Records =

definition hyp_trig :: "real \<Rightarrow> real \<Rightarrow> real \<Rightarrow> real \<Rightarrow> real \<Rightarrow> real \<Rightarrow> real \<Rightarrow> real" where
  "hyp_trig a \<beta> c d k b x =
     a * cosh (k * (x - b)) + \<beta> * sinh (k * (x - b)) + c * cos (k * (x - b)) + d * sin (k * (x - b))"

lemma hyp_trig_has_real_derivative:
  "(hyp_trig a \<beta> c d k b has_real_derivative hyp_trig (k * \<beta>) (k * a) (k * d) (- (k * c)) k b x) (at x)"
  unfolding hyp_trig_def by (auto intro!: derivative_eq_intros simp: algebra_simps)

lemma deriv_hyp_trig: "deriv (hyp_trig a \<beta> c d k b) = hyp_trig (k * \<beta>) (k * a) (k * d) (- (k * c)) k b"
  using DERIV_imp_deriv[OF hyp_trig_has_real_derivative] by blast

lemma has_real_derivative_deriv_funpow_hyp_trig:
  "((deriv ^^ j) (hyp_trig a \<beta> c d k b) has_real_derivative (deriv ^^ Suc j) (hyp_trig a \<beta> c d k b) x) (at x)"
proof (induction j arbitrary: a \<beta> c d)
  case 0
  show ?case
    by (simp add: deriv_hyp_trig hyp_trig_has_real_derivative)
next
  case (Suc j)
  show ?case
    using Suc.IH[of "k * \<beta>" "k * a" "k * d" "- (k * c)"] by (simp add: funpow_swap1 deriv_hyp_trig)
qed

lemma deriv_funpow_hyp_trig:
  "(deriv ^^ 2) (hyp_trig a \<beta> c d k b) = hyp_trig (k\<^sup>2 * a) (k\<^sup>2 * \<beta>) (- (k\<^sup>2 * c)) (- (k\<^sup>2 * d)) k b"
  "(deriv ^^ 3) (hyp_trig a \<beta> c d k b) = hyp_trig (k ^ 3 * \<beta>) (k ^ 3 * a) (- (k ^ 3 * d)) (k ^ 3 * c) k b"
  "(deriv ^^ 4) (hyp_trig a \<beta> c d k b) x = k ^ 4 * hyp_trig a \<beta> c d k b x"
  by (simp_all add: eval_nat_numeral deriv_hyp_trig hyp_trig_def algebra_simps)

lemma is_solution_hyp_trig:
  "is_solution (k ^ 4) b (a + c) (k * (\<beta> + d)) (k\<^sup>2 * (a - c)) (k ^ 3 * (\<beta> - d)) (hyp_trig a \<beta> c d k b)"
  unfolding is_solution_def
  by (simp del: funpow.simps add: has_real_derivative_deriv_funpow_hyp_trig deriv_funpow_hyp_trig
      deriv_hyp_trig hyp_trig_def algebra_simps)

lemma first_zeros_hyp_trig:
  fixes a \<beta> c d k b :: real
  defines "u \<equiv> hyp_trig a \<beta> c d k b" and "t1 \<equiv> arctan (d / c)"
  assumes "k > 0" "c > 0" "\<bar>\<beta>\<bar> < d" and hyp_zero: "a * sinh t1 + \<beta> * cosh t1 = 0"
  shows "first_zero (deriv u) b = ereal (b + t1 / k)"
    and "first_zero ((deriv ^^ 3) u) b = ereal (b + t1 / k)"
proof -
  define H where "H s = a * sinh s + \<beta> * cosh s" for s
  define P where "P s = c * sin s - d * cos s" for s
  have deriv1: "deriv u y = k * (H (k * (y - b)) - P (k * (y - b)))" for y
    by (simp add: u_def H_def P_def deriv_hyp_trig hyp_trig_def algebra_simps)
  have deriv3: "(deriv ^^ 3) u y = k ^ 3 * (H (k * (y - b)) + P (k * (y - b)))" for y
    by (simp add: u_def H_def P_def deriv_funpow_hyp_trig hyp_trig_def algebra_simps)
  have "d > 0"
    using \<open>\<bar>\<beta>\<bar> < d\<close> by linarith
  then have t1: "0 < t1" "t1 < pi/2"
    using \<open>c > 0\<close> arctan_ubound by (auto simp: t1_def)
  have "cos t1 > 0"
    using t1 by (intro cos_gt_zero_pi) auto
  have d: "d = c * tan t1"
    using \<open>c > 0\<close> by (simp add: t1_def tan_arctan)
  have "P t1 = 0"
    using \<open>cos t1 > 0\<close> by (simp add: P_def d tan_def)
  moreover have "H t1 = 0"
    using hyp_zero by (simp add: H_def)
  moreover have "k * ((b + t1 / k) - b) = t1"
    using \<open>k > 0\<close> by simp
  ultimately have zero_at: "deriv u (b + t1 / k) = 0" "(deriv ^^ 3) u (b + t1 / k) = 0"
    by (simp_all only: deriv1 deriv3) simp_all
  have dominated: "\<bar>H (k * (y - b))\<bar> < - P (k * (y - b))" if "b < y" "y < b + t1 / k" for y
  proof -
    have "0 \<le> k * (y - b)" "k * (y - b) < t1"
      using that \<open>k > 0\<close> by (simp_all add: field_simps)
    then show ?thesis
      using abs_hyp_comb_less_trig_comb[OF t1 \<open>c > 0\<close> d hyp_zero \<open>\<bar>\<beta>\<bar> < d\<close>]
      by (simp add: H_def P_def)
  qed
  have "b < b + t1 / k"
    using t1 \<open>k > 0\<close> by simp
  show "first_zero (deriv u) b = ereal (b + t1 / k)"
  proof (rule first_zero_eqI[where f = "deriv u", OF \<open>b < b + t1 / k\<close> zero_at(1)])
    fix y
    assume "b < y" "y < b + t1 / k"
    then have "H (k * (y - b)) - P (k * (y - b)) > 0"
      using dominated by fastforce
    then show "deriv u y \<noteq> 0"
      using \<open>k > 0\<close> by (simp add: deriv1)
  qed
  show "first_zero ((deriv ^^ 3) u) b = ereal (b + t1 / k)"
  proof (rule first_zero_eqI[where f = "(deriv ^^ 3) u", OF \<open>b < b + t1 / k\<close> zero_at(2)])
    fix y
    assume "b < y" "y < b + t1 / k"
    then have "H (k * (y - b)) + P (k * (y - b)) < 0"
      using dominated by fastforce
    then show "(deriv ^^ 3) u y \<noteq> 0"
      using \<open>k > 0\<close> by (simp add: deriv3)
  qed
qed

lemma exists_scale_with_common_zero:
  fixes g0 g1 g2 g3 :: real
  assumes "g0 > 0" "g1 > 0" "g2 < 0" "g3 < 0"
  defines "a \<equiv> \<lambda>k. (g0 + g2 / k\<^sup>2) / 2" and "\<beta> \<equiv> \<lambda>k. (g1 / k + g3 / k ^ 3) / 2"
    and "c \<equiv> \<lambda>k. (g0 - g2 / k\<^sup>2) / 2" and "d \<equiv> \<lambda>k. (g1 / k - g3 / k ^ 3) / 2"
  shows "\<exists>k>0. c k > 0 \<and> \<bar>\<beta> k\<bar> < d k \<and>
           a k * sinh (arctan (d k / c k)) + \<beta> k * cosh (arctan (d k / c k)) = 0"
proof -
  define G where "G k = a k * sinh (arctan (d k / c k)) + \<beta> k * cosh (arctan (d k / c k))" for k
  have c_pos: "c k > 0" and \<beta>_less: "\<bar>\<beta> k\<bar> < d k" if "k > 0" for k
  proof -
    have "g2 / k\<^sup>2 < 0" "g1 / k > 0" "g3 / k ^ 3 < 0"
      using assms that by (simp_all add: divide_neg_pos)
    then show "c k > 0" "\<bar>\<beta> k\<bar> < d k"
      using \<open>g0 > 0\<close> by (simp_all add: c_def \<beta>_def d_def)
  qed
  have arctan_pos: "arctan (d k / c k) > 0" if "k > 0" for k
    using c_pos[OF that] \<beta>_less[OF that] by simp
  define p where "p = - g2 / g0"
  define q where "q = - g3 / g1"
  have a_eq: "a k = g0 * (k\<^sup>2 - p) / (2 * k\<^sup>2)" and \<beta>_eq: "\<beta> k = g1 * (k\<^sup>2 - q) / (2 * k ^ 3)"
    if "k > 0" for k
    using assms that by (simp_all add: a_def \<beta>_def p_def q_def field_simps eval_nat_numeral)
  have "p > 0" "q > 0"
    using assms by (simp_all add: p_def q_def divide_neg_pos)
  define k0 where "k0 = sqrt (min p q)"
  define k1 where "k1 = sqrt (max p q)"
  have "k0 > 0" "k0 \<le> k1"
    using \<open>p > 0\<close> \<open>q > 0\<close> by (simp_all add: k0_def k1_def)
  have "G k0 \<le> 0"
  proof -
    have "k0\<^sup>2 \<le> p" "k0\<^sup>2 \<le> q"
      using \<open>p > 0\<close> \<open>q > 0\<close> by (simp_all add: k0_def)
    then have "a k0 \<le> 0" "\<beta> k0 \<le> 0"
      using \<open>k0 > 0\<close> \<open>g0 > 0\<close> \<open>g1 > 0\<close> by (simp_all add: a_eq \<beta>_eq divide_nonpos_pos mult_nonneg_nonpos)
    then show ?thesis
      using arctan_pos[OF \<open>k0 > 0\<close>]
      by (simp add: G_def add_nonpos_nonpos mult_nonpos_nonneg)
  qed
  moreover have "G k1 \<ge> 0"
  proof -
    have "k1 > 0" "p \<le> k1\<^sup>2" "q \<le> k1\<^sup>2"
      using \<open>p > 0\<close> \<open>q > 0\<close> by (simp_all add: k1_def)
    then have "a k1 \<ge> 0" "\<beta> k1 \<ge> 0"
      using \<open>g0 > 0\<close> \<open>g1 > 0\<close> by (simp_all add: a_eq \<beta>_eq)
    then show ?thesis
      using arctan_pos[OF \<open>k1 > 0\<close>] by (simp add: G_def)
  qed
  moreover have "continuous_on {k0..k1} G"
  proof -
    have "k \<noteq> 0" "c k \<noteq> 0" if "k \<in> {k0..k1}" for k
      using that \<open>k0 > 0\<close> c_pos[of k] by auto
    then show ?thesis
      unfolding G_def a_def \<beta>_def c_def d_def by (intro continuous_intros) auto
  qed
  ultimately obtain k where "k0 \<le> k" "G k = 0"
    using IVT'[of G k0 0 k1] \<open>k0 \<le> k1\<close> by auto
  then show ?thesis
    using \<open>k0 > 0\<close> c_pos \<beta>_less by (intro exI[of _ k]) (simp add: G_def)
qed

Task to carry out =
Starting at the line above that holds "(simp_all add: k1_def)" and ending at the line that holds "ultimately obtain k", transcribe each line exactly and include no other lines.

Result of this exercise =
      using \<open>p > 0\<close> \<open>q > 0\<close> by (simp_all add: k1_def)
    then have "a k1 \<ge> 0" "\<beta> k1 \<ge> 0"
      using \<open>g0 > 0\<close> \<open>g1 > 0\<close> by (simp_all add: a_eq \<beta>_eq)
    then show ?thesis
      using arctan_pos[OF \<open>k1 > 0\<close>] by (simp add: G_def)
  qed
  moreover have "continuous_on {k0..k1} G"
  proof -
    have "k \<noteq> 0" "c k \<noteq> 0" if "k \<in> {k0..k1}" for k
      using that \<open>k0 > 0\<close> c_pos[of k] by auto
    then show ?thesis
      unfolding G_def a_def \<beta>_def c_def d_def by (intro continuous_intros) auto
  qed
  ultimately obtain k where "k0 \<le> k" "G k = 0"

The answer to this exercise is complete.